Below are the records; copy each line in which "points" can be found.

---------- Extracted records ----------

definition grothendieck :: "'a::real_normed_vector itself \<Rightarrow> bool" where
  "grothendieck _ \<longleftrightarrow>
     (\<forall>(f :: nat \<Rightarrow> ('a \<Rightarrow>\<^sub>L real)) g.
        (\<forall>x. (\<lambda>n. blinfun_apply (f n) x) \<longlonglongrightarrow> blinfun_apply g x) \<longrightarrow>
        (\<forall>\<phi> :: ('a \<Rightarrow>\<^sub>L real) \<Rightarrow>\<^sub>L real. (\<lambda>n. blinfun_apply \<phi> (f n)) \<longlonglongrightarrow> blinfun_apply \<phi> g))"

end

theory Submission
  imports Defs
begin

text \<open>
  If bounded continuous functions h_k with disjoint supports satisfy h_k(p_j) = \<delta>_jk and
  vanish at the limit x of the sequence p, then \<mu> \<mapsto> \<Sum>_k \<mu>(h_k) is a bounded functional on
  C(X)* taking the value 1 at every \<delta>_(p_n) - \<delta>_x, although these functionals converge weak* to 0.
  So C(X) is not Grothendieck as soon as X has a nontrivial convergent sequence whose terms can be
  separated by such bumps. In a compact Hausdorff space Urysohn's lemma provides the bumps, and an
  infinite compact Hausdorff space has a nontrivial convergent sequence once it is scattered. A
  \<Delta>-space is scattered: a nonempty perfect closed set would map continuously onto the Cantor cube
  {0,1}^\<omega>, the \<Delta>-property passes to such images, but it fails for the Cantor cube by the Baire
  category theorem, applied to the dense sets of finitely supported points with a 1 beyond position n.

  In [0, \<omega>_1] the points n < \<omega> are isolated and converge to \<omega>, so C[0, \<omega>_1] is not
  Grothendieck. Yet [0, \<omega>_1] is not a \<Delta>-space: an Ulam matrix yields countably many pairwise
  disjoint stationary sets S_j, and open sets V_n covering the decreasing sets \<Union>(j \<ge> n) S_j cannot
  have empty intersection, since the complement of some V_n would be a closed unbounded set, which
  would have to meet the stationary set S_n.
\<close>

section \<open>Disjoint bumps and the Grothendieck property\<close>

lemma apply_bcontfun_sum:
  fixes F :: "nat \<Rightarrow> ('a::topological_space \<Rightarrow>\<^sub>C 'b::real_normed_vector)"
  shows "apply_bcontfun (sum F A) t = (\<Sum>k\<in>A. apply_bcontfun (F k) t)"
  by (induction A rule: infinite_finite_induct) auto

----------

Response
  category theorem, applied to the dense sets of finitely supported points with a 1 beyond position n.
  In [0, \<omega>_1] the points n < \<omega> are isolated and converge to \<omega>, so C[0, \<omega>_1] is not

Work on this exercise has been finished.